Тот с убитым видом кивнул.
– Ну, тогда не будем открывать, сами справятся, – резюмировал раввин. – А знаете что, вы бы высунулись из окна и спели им что-нибудь своим волшебным голосом. Они бы тогда отсюда, как от чумного барака, шарахнулись.
– Открывайте, собаки! – потребовал все тот же голос, и в дверь снова забарабанили.
– Значит, опять мы войдем в историю как побежденные… – тихо, с невыразимой горечью проговорил кантор.
– Что еще за побежденные? – возмутился раввин. – Где это вы видели в истории побежденных?
Где побежденные – там и победители. А где они? Я вас спрашиваю – где они, победители? Прошу вас, не говорите напоследок глупостей.
Тут дверь затряслась, сорвалась с петель, и в синагогу ворвалось несколько мужчин во главе с атлетом-мусульманином. Он был все в той же белой рубахе со следами пролитой утром православной крови, голову его обвивала зеленая повязка.
– Добрый вечер, господа, – сказал раввин. – Вы, конечно, к нам?
Мусульманин не ответил. Он шагнул к сидевшему в кресле раввину, сгреб его за лацканы пиджака, достал из-за пояса нож и одним взмахом перерезал ему горло. Раввин захрипел, схватился за горло – и тут же обмяк и сполз вниз. Ноги его в черных брюках нелепо разъехались, словно раздвинутые ножницы, а голова осталась на сиденье кресла, повернув к пришельцам горбоносый и слегка насмешливый профиль.
Мусульманин, не меняя выражения лица, взглянул на посеревшего от страха кантора.
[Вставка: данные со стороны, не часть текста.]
(* Let $(m,n)$ be bi-dimensions with $m>1$, $m\le\binom n2$, and $(m,n)\notin\{(2,4),(3,4)\}$. Then a generic real algebra $\mathfrak n\in N(m,n)$ is not of pseudo $H$-type (in particular, for $m>2$ generic rigid algebras in $N(m,n)$ are not of pseudo $H$-type).
   Context: For a real vector space $\mathfrak n_{-1}$ of dimension $n$ and $0\le m\le\binom n2$, $N(m,n)$ denotes the space of graded 2-step nilpotent Lie algebra structures $\mathfrak n=\mathfrak n_{-2}\oplus\mathfrak n_{-1}$ with $\dim\mathfrak n_{-2}=m$, bracket $\Lambda^2\mathfrak n_{-1}\to\mathfrak n_{-2}$ surjective and $\mathfrak n_{-2}$ central; it is identified with the Grassmannian $\operatorname{Gr}_d(\Lambda^2\mathfrak n_{-1})$, $d=\binom n2-m$, via the kernel $Z$ of the bracket. "Generic" means for $Z$ in a nonempty Zariski open subset. An algebra $\mathfrak n$ is of pseudo $H$-type if there is a non-degenerate symmetric bilinear form $\langle\cdot,\cdot\rangle$ on $\mathfrak n$, non-degenerate on $\mathfrak n_{-2}$, with $\mathfrak n_{-2}\perp\mathfrak n_{-1}$, such that the $J$-map defined by $\langle J_zx,y\rangle=\langle z,[x,y]\rangle$ ($x,y\in\mathfrak n_{-1}$, $z\in\mathfrak n_{-2}$) satisfies $J_zJ_w+J_wJ_z=-2\langle z,w\rangle\mathrm{Id}_{\mathfrak n_{-1}}$ for all $z,w\in\mathfrak n_{-2}$. An algebra is rigid if its Tanaka prolongation (the maximal graded Lie algebra $\bigoplus_{i\ge-2}\hat{\mathfrak n}_i$ with negative part $\mathfrak n$ such that for $k\ge0$ any $X\in\hat{\mathfrak n}_k$ with $[X,\mathfrak n_{-1}]=0$ is zero) is finite dimensional. *)

theory Defs
  imports Complex_Main
begin

text \<open>
  We take the basis f_0,...,f_(m-1) of n_(-2) and e_0,...,e_(n-1)
  of n_(-1), and model an element of n = n_(-2) + n_(-1) as a coordinate
  function u :: nat => real supported on indices < m+n: coordinate k < m is the
  f_k-coordinate, coordinate m+i (i < n) is the e_i-coordinate.
\<close>

definition vecs :: "nat \<Rightarrow> (nat \<Rightarrow> real) set" where
  "vecs N = {u. \<forall>i\<ge>N. u i = 0}"

definition part2 :: "nat \<Rightarrow> nat \<Rightarrow> (nat \<Rightarrow> real) set" where
  "part2 m n = vecs m"

definition part1 :: "nat \<Rightarrow> nat \<Rightarrow> (nat \<Rightarrow> real) set" where
  "part1 m n = {u \<in> vecs (m + n). \<forall>i<m. u i = 0}"

definition bil :: "(nat \<Rightarrow> nat \<Rightarrow> real) \<Rightarrow> nat \<Rightarrow> (nat \<Rightarrow> real) \<Rightarrow> (nat \<Rightarrow> real) \<Rightarrow> real" where
  "bil g N u v = (\<Sum>i<N. \<Sum>j<N. u i * g i j * v j)"

text \<open>
  Structure constants: a (i,j,k), for i < j < n and k < m, is the f_k-coefficient
  of [e_i, e_j]; i.e. a records the linear map Lambda^2 n_(-1) -> n_(-2) in the
  basis e_i /\ e_j (i<j).  Other entries of a are irrelevant.
\<close>
definition br :: "nat \<Rightarrow> nat \<Rightarrow> (nat \<times> nat \<times> nat \<Rightarrow> real) \<Rightarrow>
    (nat \<Rightarrow> real) \<Rightarrow> (nat \<Rightarrow> real) \<Rightarrow> (nat \<Rightarrow> real)" where
  "br m n a u v = (\<lambda>k. if k < m then
      (\<Sum>j<n. \<Sum>i<j. a (i, j, k) * (u (m + i) * v (m + j) - u (m + j) * v (m + i)))
    else 0)"

definition bracket_surj :: "nat \<Rightarrow> nat \<Rightarrow> (nat \<times> nat \<times> nat \<Rightarrow> real) \<Rightarrow> bool" where
  "bracket_surj m n a \<longleftrightarrow>
     (\<forall>w \<in> vecs m. \<exists>t :: nat \<Rightarrow> nat \<Rightarrow> real.
        \<forall>k<m. w k = (\<Sum>j<n. \<Sum>i<j. t i j * a (i, j, k)))"

definition pseudo_H_type :: "nat \<Rightarrow> nat \<Rightarrow> (nat \<times> nat \<times> nat \<Rightarrow> real) \<Rightarrow> bool" where
  "pseudo_H_type m n a \<longleftrightarrow>
     (\<exists>g :: nat \<Rightarrow> nat \<Rightarrow> real.
        \<comment> \<open>symmetric\<close>
        (\<forall>i<m+n. \<forall>j<m+n. g i j = g j i) \<and>
        \<comment> \<open>non-degenerate on n\<close>
        (\<forall>u \<in> vecs (m + n). (\<forall>v \<in> vecs (m + n). bil g (m + n) u v = 0) \<longrightarrow> u = (\<lambda>_. 0)) \<and>
        \<comment> \<open>non-degenerate on n_(-2)\<close>
        (\<forall>u \<in> part2 m n. (\<forall>v \<in> part2 m n. bil g (m + n) u v = 0) \<longrightarrow> u = (\<lambda>_. 0)) \<and>
        \<comment> \<open>n_(-2) orthogonal to n_(-1)\<close>
        (\<forall>u \<in> part2 m n. \<forall>v \<in> part1 m n. bil g (m + n) u v = 0) \<and>
        \<comment> \<open>the J-map and the Clifford relation\<close>
        (\<exists>J :: (nat \<Rightarrow> real) \<Rightarrow> (nat \<Rightarrow> real) \<Rightarrow> (nat \<Rightarrow> real).
           (\<forall>z \<in> part2 m n. \<forall>x \<in> part1 m n. J z x \<in> part1 m n) \<and>
           (\<forall>z \<in> part2 m n. \<forall>x \<in> part1 m n. \<forall>y \<in> part1 m n.
               bil g (m + n) (J z x) y = bil g (m + n) z (br m n a x y)) \<and>
           (\<forall>z \<in> part2 m n. \<forall>w \<in> part2 m n. \<forall>x \<in> part1 m n.
               (\<lambda>i. J z (J w x) i + J w (J z x) i) = (\<lambda>i. - 2 * bil g (m + n) z w * x i))))"

inductive poly_fun :: "'v set \<Rightarrow> (('v \<Rightarrow> real) \<Rightarrow> real) \<Rightarrow> bool" for S where
  pf_const: "poly_fun S (\<lambda>_. c)"
| pf_var: "v \<in> S \<Longrightarrow> poly_fun S (\<lambda>a. a v)"
| pf_add: "poly_fun S p \<Longrightarrow> poly_fun S q \<Longrightarrow> poly_fun S (\<lambda>a. p a + q a)"
| pf_mult: "poly_fun S p \<Longrightarrow> poly_fun S q \<Longrightarrow> poly_fun S (\<lambda>a. p a * q a)"

definition coords :: "nat \<Rightarrow> nat \<Rightarrow> (nat \<times> nat \<times> nat) set" where
  "coords m n = {(i, j, k). i < j \<and> j < n \<and> k < m}"

text \<open>
  A property holds for a generic element of N(m,n): it holds on a nonempty
  Zariski open subset, i.e. there is a polynomial P in the structure constants,
  not identically zero, such that every algebra of N(m,n) (surjective bracket)
  with P \<noteq> 0 has the property.
\<close>
definition generic :: "nat \<Rightarrow> nat \<Rightarrow> ((nat \<times> nat \<times> nat \<Rightarrow> real) \<Rightarrow> bool) \<Rightarrow> bool" where
  "generic m n Prop \<longleftrightarrow>
     (\<exists>P. poly_fun (coords m n) P \<and> (\<exists>a. P a \<noteq> 0) \<and>
          (\<forall>a. bracket_surj m n a \<and> P a \<noteq> 0 \<longrightarrow> Prop a))"

end

theory Submission
  imports Defs "Jordan_Normal_Form.Determinant"
begin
Тот отступил на шаг. Губы мусульманина дрогнули в усмешке, рука с окровавленным ножом поднялась к смуглой могучей шее и провела перед ней черту. Кантор попятился к полке с реликвиями и уперся в нее спиной. Мусульманин, уже не пряча ухмылки, двинулся вслед за ним. Рука кантора нащупала на полке булыжник – ту самую «точную копию», стиснула его побелевшими пальцами и метнула в великана-убийцу.
Мусульманин схватился за висок, изумленно глядя на кантора, между его пальцев побежали струйки крови, а в следующее мгновение он пошатнулся и рухнул на пол.
– Ата хицлихта, Давид! – пробормотал кантор, не отводя взгляда от огромного распластанного тела и бронзового чернобородого лица с обезображенным виском. – Ты победил, Давид!..
Собратья убитого предводителя при этих словах вышли из оцепенения и посмотрели на кантора.
– Ой, все, – прошептал кантор, прижав кончики пальцев ко рту.
Сверкая ножами, мусульмане накинулись на кантора и молча изрезали его в куски.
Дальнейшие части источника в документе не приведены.